Applying Bruen’s new lesson, this Court’s conclusion remains the same: the California ammunition background check laws violate a citizen’s right to bear arms. Once it becomes clear that acquiring ammunition is conduct covered by the plain text of the Second Amendment, it should be no surprise to discover that the government is unable to do that which it must now do: demonstrate that California’s first-of-its-kind sweeping statewide restriction on buying firearm ammunition is consistent with this Nation’s historical tradition of firearm regulation. Because these laws are not consistent with the Nation’s history and tradition, they must yield to the Constitution.
Rhode v. Becerra, No. 3:18-cv-00802 (S.D. Cal.)
All agree that the ammunition necessary to use a gun is covered by the Second Amendment’s protection for keeping and bearing arms. The Attorney General correctly concedes that, “[e]ven though the Second Amendment does not reference a right to acquire or purchase Arms or mention ammunition, it ‘protects ancillary rights necessary to the realization of the core right to possess a firearm for self-defense.’” The Attorney General agrees that the core right to possess a firearm for self-defense, “would include a ‘corresponding right’ to ‘obtain bullets necessary to use’ firearms for self-defense.”
id.
In contrast, the Attorney General makes two arguments to end the case here, at the textual level, before he has to shoulder the burden of demonstrating a history and tradition of constitutional ammunition background checks.
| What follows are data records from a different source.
(* Assume (R), and let $(\mathbb P^n)_{n\ge1}\subset\mathcal P$ satisfy $\sup_nJ(\mathbb P^n)<\infty$. Define $\lambda_1^n(t):=\frac1d\mathrm{tr}(\bar\Sigma_2(t,X_t)^{-1}\Sigma^{\mathbb P^n}_t)$. Then $\sup_{n\ge1}\mathbb E^{\mathbb P^n}[\int_0^1\lambda_1^n(t)\log\lambda_1^n(t)\,dt]<\infty$ (convention $0\log0=0$).
   Context: $\Omega=C([0,1];\mathbb R^d)$, canonical process $X$. $\mathcal P$ is the set of probability measures $\mathbb P$ on $\Omega$ under which $X$ is a continuous local martingale with $\langle X\rangle_t=\int_0^t\Sigma^{\mathbb P}_sds$, $\Sigma^{\mathbb P}$ progressively measurable with values in $\mathbb S^d_+$. Continuous $\lambda_2:[0,1]\times\mathbb R^d\to(0,\infty)$, $\bar\Sigma_2:[0,1]\times\mathbb R^d\to\mathbb S^d_{++}$; (R): $\underline b\le\lambda_2\le\overline b$ and $\bar\Sigma_2\preceq MI_d$ for constants $0<\underline b\le\overline b$, $M>0$. For $\Sigma_1\in\mathbb S^d_+$, $\lambda_1:=\frac1d\mathrm{tr}(\bar\Sigma_2(t,x)^{-1}\Sigma_1)$, $\bar\Sigma_1:=\Sigma_1/\lambda_1$ if $\Sigma_1\ne0$; $\ell^{\mathrm{tr}}(t,x,\Sigma_1)=\lambda_1\log\frac{\lambda_1}{\lambda_2}-\lambda_1+\lambda_2-\frac{\lambda_1}2\log\det(\bar\Sigma_2^{-1}\bar\Sigma_1)$ on $\mathbb S^d_{++}$, $=\lambda_2(t,x)$ at $\Sigma_1=0$, $=+\infty$ on singular nonzero $\Sigma_1$. $\xi:C([0,1];\mathbb R^d)\to\mathbb R$ bounded Borel, continuous for the uniform topology; $J(\mathbb P)=\mathbb E^{\mathbb P}[\int_0^1\ell^{\mathrm{tr}}(t,X_t,\Sigma^{\mathbb P}_t)dt+\xi(X)]$. *)

theory Defs
  imports "HOL-Probability.Probability"
begin

text \<open>A path is represented as a function real => real^'d that is continuous on [0,1]
  and constant outside [0,1] (extended by its end values); this is in bijection with C([0,1];R^d).
  The canonical process is X_t(w) = w t.\<close>

definition paths :: "(real \<Rightarrow> real^'d) set" where
  "paths = {w. continuous_on {0..1} w \<and> (\<forall>t. w t = w (min 1 (max 0 t)))}"

definition canF :: "real \<Rightarrow> (real \<Rightarrow> real^'d) measure" where
  "canF t = sigma paths {{w \<in> paths. w s \<in> A} | s A. s \<in> {0..t} \<and> A \<in> sets borel}"

text \<open>Sigma-algebra on the path space: generated by the coordinates (= Borel sigma-algebra of the
  uniform topology on C([0,1];R^d)).\<close>
definition path_space :: "(real \<Rightarrow> real^'d) measure" where
  "path_space = canF 1"

definition unif_dist :: "(real \<Rightarrow> real^'d) \<Rightarrow> (real \<Rightarrow> real^'d) \<Rightarrow> real" where
  "unif_dist v w = (SUP t\<in>{0..1}. norm (v t - w t))"

definition martingale_on :: "(real \<Rightarrow> real^'d) measure \<Rightarrow> (real \<Rightarrow> (real \<Rightarrow> real^'d) \<Rightarrow> real) \<Rightarrow> bool" where
  "martingale_on P M \<longleftrightarrow>
     (\<forall>t\<in>{0..1}. integrable P (M t) \<and> M t \<in> borel_measurable (canF t)) \<and>
     (\<forall>s t. 0 \<le> s \<longrightarrow> s \<le> t \<longrightarrow> t \<le> 1 \<longrightarrow>
        (\<forall>A\<in>sets (canF s). (LINT w:A|P. M t w) = (LINT w:A|P. M s w)))"

definition cont_local_martingale :: "(real \<Rightarrow> real^'d) measure \<Rightarrow> (real \<Rightarrow> (real \<Rightarrow> real^'d) \<Rightarrow> real) \<Rightarrow> bool" where
  "cont_local_martingale P M \<longleftrightarrow>
     (\<forall>t\<in>{0..1}. M t \<in> borel_measurable (canF t)) \<and>
     (AE w in P. continuous_on {0..1} (\<lambda>t. M t w)) \<and>
     (\<exists>\<tau> :: nat \<Rightarrow> (real \<Rightarrow> real^'d) \<Rightarrow> real.
        (\<forall>k. stopping_time canF (\<tau> k)) \<and>
        (\<forall>k. \<forall>w\<in>paths. 0 \<le> \<tau> k w \<and> \<tau> k w \<le> 1 \<and> \<tau> k w \<le> \<tau> (Suc k) w) \<and>
        (AE w in P. \<exists>k. \<tau> k w = 1) \<and>
        (\<forall>k. martingale_on P (\<lambda>t w. M (min t (\<tau> k w)) w - M 0 w)))"

definition psd :: "real^'d^'d \<Rightarrow> bool" where
  "psd A \<longleftrightarrow> transpose A = A \<and> (\<forall>v. 0 \<le> v \<bullet> (A *v v))"

definition pd :: "real^'d^'d \<Rightarrow> bool" where
  "pd A \<longleftrightarrow> transpose A = A \<and> (\<forall>v. v \<noteq> 0 \<longrightarrow> 0 < v \<bullet> (A *v v))"

definition progressive :: "(real \<Rightarrow> (real \<Rightarrow> real^'d) \<Rightarrow> real^'d^'d) \<Rightarrow> bool" where
  "progressive \<Sigma> \<longleftrightarrow>
     (\<forall>t\<in>{0..1}. (\<lambda>(s, w). \<Sigma> s w) \<in> borel_measurable (restrict_space borel {0..t} \<Otimes>\<^sub>M canF t))"

text \<open>The bracket condition is expressed by its defining property:
  int_0^1 |Sigma| < infinity a.s. and X^i X^j - int_0^. Sigma^{ij} is a continuous local martingale.\<close>
definition in_calP :: "(real \<Rightarrow> real^'d) measure \<Rightarrow> (real \<Rightarrow> (real \<Rightarrow> real^'d) \<Rightarrow> real^'d^'d) \<Rightarrow> bool" where
  "in_calP P \<Sigma> \<longleftrightarrow>
     prob_space P \<and> sets P = sets path_space \<and>
     progressive \<Sigma> \<and>
     (\<forall>t\<in>{0..1}. \<forall>w\<in>paths. psd (\<Sigma> t w)) \<and>
     (\<forall>i. cont_local_martingale P (\<lambda>t w. w t $ i)) \<and>
     (AE w in P. \<forall>i j. set_integrable lborel {0..1} (\<lambda>s. \<Sigma> s w $ i $ j)) \<and>
     (\<forall>i j. cont_local_martingale P
        (\<lambda>t w. w t $ i * w t $ j - (LINT s:{0..t}|lborel. \<Sigma> s w $ i $ j)))"

definition lambda1 :: "(real \<Rightarrow> real^'d \<Rightarrow> real^'d^'d) \<Rightarrow> real \<Rightarrow> real^'d \<Rightarrow> real^'d^'d \<Rightarrow> real" where
  "lambda1 S2 t x S1 = trace (matrix_inv (S2 t x) ** S1) / real CARD('d)"

definition ell_tr :: "(real \<Rightarrow> real^'d \<Rightarrow> real) \<Rightarrow> (real \<Rightarrow> real^'d \<Rightarrow> real^'d^'d) \<Rightarrow>
    real \<Rightarrow> real^'d \<Rightarrow> real^'d^'d \<Rightarrow> ereal" where
  "ell_tr l2 S2 t x S1 =
     (if S1 = 0 then ereal (l2 t x)
      else if invertible S1 then
        (let l1 = lambda1 S2 t x S1; S1b = (1 / l1) *\<^sub>R S1 in
         ereal (l1 * ln (l1 / l2 t x) - l1 + l2 t x
                - l1 / 2 * ln (det (matrix_inv (S2 t x) ** S1b))))
      else \<infinity>)"

definition qint :: "'a measure \<Rightarrow> ('a \<Rightarrow> ereal) \<Rightarrow> ereal" where
  "qint M f = enn2ereal (\<integral>\<^sup>+ x. e2ennreal (f x) \<partial>M) - enn2ereal (\<integral>\<^sup>+ x. e2ennreal (- f x) \<partial>M)"

definition J_obj :: "(real \<Rightarrow> real^'d \<Rightarrow> real) \<Rightarrow> (real \<Rightarrow> real^'d \<Rightarrow> real^'d^'d) \<Rightarrow>
    ((real \<Rightarrow> real^'d) \<Rightarrow> real) \<Rightarrow> (real \<Rightarrow> real^'d) measure \<Rightarrow>
    (real \<Rightarrow> (real \<Rightarrow> real^'d) \<Rightarrow> real^'d^'d) \<Rightarrow> ereal" where
  "J_obj l2 S2 \<xi> P \<Sigma> = qint P (\<lambda>w.
      qint (restrict_space lborel {0..1}) (\<lambda>t. ell_tr l2 S2 t (w t) (\<Sigma> t w)) + ereal (\<xi> w))"

definition xlogx :: "real \<Rightarrow> real" where
  "xlogx x = (if x = 0 then 0 else x * ln x)"

end

theory Submission
  imports Defs
begin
First, he retreats and says that purchasing ammunition without a background check is not really covered by the plain text of the Second Amendment or any ancillary right. Second, he says that the background check laws are simply “presumptively lawful regulatory measures.” Neither argument is persuasive. The first argument employs a rhetorical device to over-describe in detail the asserted constitutional wrong. Having over-described the alleged constitutional right, it is then argued that the detailed description of the asserted right is not covered by the plain text of the Constitution.
id.

I’m going to end here with the following, it is important to learn the arguments of our enemies. Here the method they are using is “over-describing”.

The right is the right to keep and bear arms. Those words do not include the words “to stop bad guys when they burst into my home.” Yet the state does argue that the plain text does not cover the more descriptive words.

We must remain focused on using the right argument, the right conduct. The conduct we wish to do is to keep and bear arms. That includes the right to acquire arms. It includes the right to acquire the acquirements to outfit and use those arms.

The state can not ban magazines nor can they ban optics. Those are both arms and both are protected.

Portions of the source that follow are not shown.